September 23, 2021

WOEING: Boeing still studying Starliner valve issues, with no launch date in sight.

Since returning Starliner to Boeing’s Commercial Crew and Cargo Processing Facility in Florida, engineers have been able to gather data about the “dry” side of the valves, but they may need to remove the valves from the spacecraft to assess the “wet” side, Lueders said. This would be a cumbersome process.

Boeing and NASA will reach a decision point in the “next few weeks,” she said, when they will decide whether to remove the valves from the service module for additional study. If this is the case, Boeing would likely pull forward a service module intended for a future crewed flight and use it for the uncrewed Orbital Flight Test-2 mission.

A new date for this OFT-2 mission has yet to be set, and Lueders indicated one may not be set any time soon. She suggested the mission probably will slip to 2022. “My gut is that it would probably be more likely to be next year, but we’re still working through that timeline,” she said.

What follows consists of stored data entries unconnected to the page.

(* Write s_a(x) = (-1)^(a.x), so that H^n has entries s_x(y) / sqrt(2^n). The first Hadamard
   layer and the CNOTs send |i,j> to 2^(-n/2) sum_x s_i(x) |x, x xor j>; applying U (x) U and
   undoing the CNOTs and Hadamards, the amplitude of |k,l> is
     2^(-n) sum_{x,y} s_k(y) s_i(x) U(y,x) U(y xor l, x xor j).
   On the other side, P^{a,b} is a signed permutation matrix whose only nonzero entries are
   w_{a,b} s_a(x) at (x, x xor b), with |w_{a,b}| = 1; expanding the trace of
   U P^{i,j} U^T P^{k,l} gives the same double sum up to a unimodular factor. *)

lemma xor_less_power_nat: "(a::nat) < 2^n \<Longrightarrow> b < 2^n \<Longrightarrow> xor a b < 2^n"
  by (metis take_bit_nat_eq_self_iff take_bit_xor)

lemma eq_xor_iff_eq_xor: "(y::nat) = xor x b \<longleftrightarrow> x = xor y b"
  by (auto simp: xor.assoc)

lemma nat_eq_iff_bits_below:
  "(x::nat) < 2^n \<Longrightarrow> y < 2^n \<Longrightarrow> x = y \<longleftrightarrow> (\<forall>r<n. bit x r = bit y r)"
  by (metis bit_eq_iff bit_take_bit_iff take_bit_nat_eq_self)

lemma sum_xor_reindex:
  assumes "b < 2^n"
  shows "(\<Sum>x<2^n. f (xor x b)) = (\<Sum>x<(2::nat)^n. f x)"
  by (rule sum.reindex_bij_witness[of _ "\<lambda>x. xor x b" "\<lambda>x. xor x b"])
    (use assms in \<open>auto simp: xor_less_power_nat xor.assoc\<close>)

lemma mult_add_less_mult: "a < m \<Longrightarrow> b < d \<Longrightarrow> a*d + b < m*(d::nat)"
proof -
  assume "a < m" "b < d"
  then have "a*d + b < (a + 1)*d" by simp
  also have "\<dots> \<le> m*d" using \<open>a < m\<close> by (intro mult_right_mono) auto
  finally show ?thesis .
qed

lemma mult_add_eq_mult_add_iff:
  assumes "b < d" "b' < d"
  shows "a*d + b = a'*d + b' \<longleftrightarrow> a = a' \<and> (b::nat) = b'"
proof -
  have "(a*d + b) div d = a" "(a'*d + b') div d = a'" "(a*d + b) mod d = b" "(a'*d + b') mod d = b'"
    using assms by simp_all
  then show ?thesis by metis
qed

lemma sum_lessThan_mult:
  "(\<Sum>q<m*d. f q) = (\<Sum>a<m. \<Sum>b<d. f (a*d + b::nat))"
proof -
  have "(\<Sum>a<m. \<Sum>b<d. f (a*d + b)) = (\<Sum>(a,b)\<in>{..<m}\<times>{..<d}. f (a*d + b))"
    by (simp add: sum.cartesian_product)
  also have "\<dots> = (\<Sum>q<m*d. f q)"
    by (rule sum.reindex_bij_witness[of _ "\<lambda>q. (q div d, q mod d)" "\<lambda>(a,b). a*d + b"])
      (auto simp: less_mult_imp_div_less mult_add_less_mult,
        metis mod_less_divisor mult_0_right not_less_zero neq0_conv)
  finally show ?thesis ..
qed

lemma prod_if_zero:
  "finite A \<Longrightarrow> (\<Prod>r\<in>A. if P r then c r else 0) =
     (if \<forall>r\<in>A. P r then \<Prod>r\<in>A. c r else (0::'a::comm_semiring_1))"
  by (force intro: prod_zero)

definition dot_sign :: "nat \<Rightarrow> nat \<Rightarrow> nat \<Rightarrow> complex" where
  "dot_sign n a x = (\<Prod>r<n. if bit a r \<and> bit x r then -1 else 1)"

lemma dot_sign_commute: "dot_sign n a x = dot_sign n x a"
  unfolding dot_sign_def by (simp add: conj_commute)

lemma dot_sign_xor: "dot_sign n a (xor x y) = dot_sign n a x * dot_sign n a y"
  unfolding dot_sign_def bit_xor_iff prod.distrib[symmetric] by (intro prod.cong) auto

lemma norm_dot_sign: "cmod (dot_sign n a x) = 1"
  unfolding dot_sign_def prod_norm[symmetric] by (intro prod.neutral) auto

Plus this from the comments: “Sticking valves not identified until flight hardware is on the pad is bad but what is worse is the kind of processes that woudl allow that to happen. What else is wrong that they just don’t know about yet? They may not know regardless but at least another uncrewed flight gives Boeing and NASA more real world data (not Boeing’s cost saving simulations which showed everything good to go).”